Existem em cada escravo ideias claras, baseadas nos costumes e em conquistas individuais, do que seria, digamos, uma dominação aceitável. As medidas, é claro, baseados nos costumes e em conquistas individuais, do que seria, digamos, uma dominação aceitável. As medidas, é claro, sofrerão variáveis sensíveis, conforme passemos de um africano recém-chegado a um crioulo ou mulato acostumado ao clima da terra. De qualquer maneira, a quebra desse padrão, desse modus vivendi, joga, frequentemente, grandes grupos à decisão de revolta. (REIS; SILVA, 1989, p. 67).

Nessa perspectiva, concordamos com Florentino e Amantino (2012, p. 241) que, apoiados em trabalhos historiográficos hodiernos, defendem que a resistência escrava estava associada à noção de liberdade que não necessariamente rompiam com a legitimidade do regime escravista; “aspirava-se a ser livre por certo, mas o conteúdo dessa liberdade remetia para o ideal de reprodução [...] de trabalhadores que pudessem controlar seu tempo e suas atividades”. Deste modo, as formas de resistirem ao sistema escravista convergiam para ganhos pessoais, ou para familiares, privilégios no trabalho, folgas, o que significava a ampliação do espaço de autonomia dos escravos.
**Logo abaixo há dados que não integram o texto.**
lemma weakening_alg_closure_le:
  assumes w: "weakening M' M" and fin: "finite E" and N: "rel_network M E N"
    and nti: "\<not> trivially_inconsistent M E (alg_closure M E N)"
  shows "alg_closure M E N \<le> alg_closure M' E N"
proof -
  have ma: "multi_algebra M" and ma': "multi_algebra M'"
    using w unfolding weakening_def by simp_all
  define C where "C = alg_closure M E N"
  have C: "rel_network M E C" "alg_closed M E C" "C \<le> N"
    unfolding C_def using alg_closure_rel_network[OF ma fin N] alg_closure_alg_closed[OF ma fin N]
      alg_closure_le[OF ma fin N] .
  have "alg_closed M' E C"
    unfolding alg_closed_def weakening_mconv[OF w] weakening_mcomp[OF w]
  proof (intro ballI impI conjI)
    fix a c assume ac: "a \<in> E" "c \<in> E" "a \<noteq> c"
    have Cr: "C a c \<in> rels M"
      using rel_networkD(1)[OF C(1) ac] .
    have "proj_closure M (C a c) = C a c"
      using C(2) ac unfolding alg_closed_def by blast
    then have "proj_closed M (C a c)"
      using proj_closure_proj_closed[OF ma Cr] by simp
    moreover have "\<forall>i<dim M. C a c i \<noteq> {}"
      using nti ac unfolding C_def trivially_inconsistent_def by blast
    ultimately have "proj_closed M' (C a c)"
      using weakening_proj_closed[OF w Cr] by blast
    then show "proj_closure M' (C a c) = C a c"
      using proj_closure_id[OF ma'] Cr weakening_rels[OF w] by simp
    show "C c a = mconv M (C a c)"
      using C(2) ac unfolding alg_closed_def by blast
    show "C a c \<le> mcomp M (C a b) (C b c)" if "b \<in> E" "b \<noteq> a" "b \<noteq> c" for b
      using C(2) ac that unfolding alg_closed_def by blast
  qed
  moreover have "rel_network M' E N"
    using N unfolding rel_network_def weakening_rels[OF w] weakening_mconv[OF w] .
  ultimately have "C \<le> alg_closure M' E N"
    using alg_closure_greatest[OF ma' fin _ _ C(3)] by blast
  then show ?thesis
    unfolding C_def .
qed
lemma cinner_adjoint_right: "cinner x (A *v y) = cinner (adjoint_cmat A *v x) y"
  by (metis cinner_adjoint_left cnj_cinner)

lemma inner_adjoint_cmat_right: "inner x (A *v y) = inner (adjoint_cmat A *v x) y"
  by (simp add: cinner_adjoint_right flip: Re_cinner)

lemma adjoint_cmat_adjoint_cmat [simp]: "adjoint_cmat (adjoint_cmat A) = A"
  by (simp add: adjoint_cmat_def vec_eq_iff)

lemma adjoint_cmat_mult: "adjoint_cmat (A ** B) = adjoint_cmat B ** adjoint_cmat A"
  by (simp add: adjoint_cmat_def vec_eq_iff matrix_matrix_mult_def mult.commute)

lemma unitary_cmat_mult:
  assumes "unitary_cmat A" "unitary_cmat B"
  shows "unitary_cmat (A ** B)"
proof -
  have "(A ** B) ** (adjoint_cmat B ** adjoint_cmat A) = A ** ((B ** adjoint_cmat B) ** adjoint_cmat A)"
    "(adjoint_cmat B ** adjoint_cmat A) ** (A ** B) = adjoint_cmat B ** ((adjoint_cmat A ** A) ** B)"
    by (simp_all add: matrix_mul_assoc)
  with assms show ?thesis
    by (simp add: unitary_cmat_def adjoint_cmat_mult matrix_mul_lid)
qed

lemma unitary_cmat_adjoint: "unitary_cmat A \<Longrightarrow> unitary_cmat (adjoint_cmat A)"
  unfolding unitary_cmat_def by simp

lemma unitary_cmat_adjoint_cancel: "unitary_cmat A \<Longrightarrow> adjoint_cmat A *v (A *v x) = x"
  unfolding unitary_cmat_def by (simp add: matrix_vector_mul_assoc)

lemma unitary_cmat_cancel_adjoint: "unitary_cmat A \<Longrightarrow> A *v (adjoint_cmat A *v x) = x"
  unfolding unitary_cmat_def by (simp add: matrix_vector_mul_assoc)

lemma unitary_cmat_cinner: "unitary_cmat A \<Longrightarrow> cinner (A *v x) (A *v y) = cinner x y"
  by (simp add: cinner_adjoint_left unitary_cmat_adjoint_cancel)

lemma unitary_cmat_norm: "unitary_cmat A \<Longrightarrow> norm (A *v x) = norm x"
  using unitary_cmat_cinner[of A x x]
  by (simp add: cinner_self power2_eq_iff_nonneg del: of_real_power)

lemma unitary_cmat_eigenvalue_norm:
  assumes "unitary_cmat A" "A *v x = z *s x" "x \<noteq> 0"
  shows "cmod z = 1"
  using unitary_cmat_norm[OF assms(1), of x] assms(2,3) by (simp add: norm_vector_scalar_mult)

section \<open>Rotating finitely many points of the circle away from \<open>1\<close>\<close>

lemma finite_set_has_gap:
  fixes P :: "real set"
  assumes "finite P" "P \<subseteq> {a..<c}" "a \<in> P" "card P \<le> m"
  shows "\<exists>p\<in>P. p + (c - a) / m \<le> c \<and> (\<forall>q\<in>P. q \<le> p \<or> p + (c - a) / m \<le> q)"
  using assms
proof (induction m arbitrary: P c)
  case 0
  then show ?case by (simp add: card_gt_0_iff)
next
  case (Suc m)
  have "a < c" using Suc.prems by auto
  define M where "M = Max P"
  have "M \<in> P" and M_max: "\<forall>q\<in>P. q \<le> M"
    using Suc.prems by (auto simp: M_def intro: Max_in)
  show ?case
  proof (cases "M + (c - a) / Suc m \<le> c")
    case True
    then show ?thesis using \<open>M \<in> P\<close> M_max by blast
  next
    case False
    have "(c - a) / Suc m \<le> c - a"
      using \<open>a < c\<close> by (simp add: divide_le_eq)
    then have "a \<noteq> M" using False by auto
    define P' where "P' = P - {M}"
    have "a \<in> P'" "finite P'" "card P' \<le> m" "P' \<subseteq> {a..<M}"
      using Suc.prems \<open>M \<in> P\<close> \<open>a \<noteq> M\<close> M_max by (force simp: P'_def)+
    then obtain p where "p \<in> P'" and p_le: "p + (M - a) / m \<le> M"
      and p_gap: "\<forall>q\<in>P'. q \<le> p \<or> p + (M - a) / m \<le> q"
      using Suc.IH by blast
    have "m \<noteq> 0"
      using \<open>a \<in> P'\<close> \<open>finite P'\<close> \<open>card P' \<le> m\<close> card_gt_0_iff by fastforce
    have gap_le: "(c - a) / Suc m \<le> (M - a) / m"
    proof -
      have "(c - a) * m < (M - a) * Suc m"
        using False by (simp add: field_simps)
      then show ?thesis using \<open>m \<noteq> 0\<close> by (simp add: field_simps)
    qed
    have "M < c" using \<open>M \<in> P\<close> Suc.prems(2) by auto
    show ?thesis
    proof (intro bexI conjI ballI)
      show "p \<in> P" using \<open>p \<in> P'\<close> by (simp add: P'_def)
      show "p + (c - a) / Suc m \<le> c" using gap_le p_le \<open>M < c\<close> by linarith
    next
      fix q assume "q \<in> P"
      then show "q \<le> p \<or> p + (c - a) / Suc m \<le> q"
        using p_gap gap_le p_le by (cases "q = M") (auto simp: P'_def)
    qed
  qed
qed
A partir da percepção dos autores Florentino e Amantino (2012, p. 237), para quem a fuga escrava é um “ato extremo no campo da política, cuja simples possibilidade apontava para os limites do domínio privado do senhor e garantia ao escravo algum espaço para a negociação de demandas”, subsidiamos nosso entendimento de que a fuga, independente de sua modalidade ou de sua motivação, causou sérios danos aos proprietários de escravos, levando assim à publicação de anúncios de jornais, ações policiais e processos judiciais, causando sérias preocupações na classe senhorial, porque, justamente, colocava em xeque um dos pilares do escravismo: a dominação pessoal exercida pelo senhor sobre o escravo.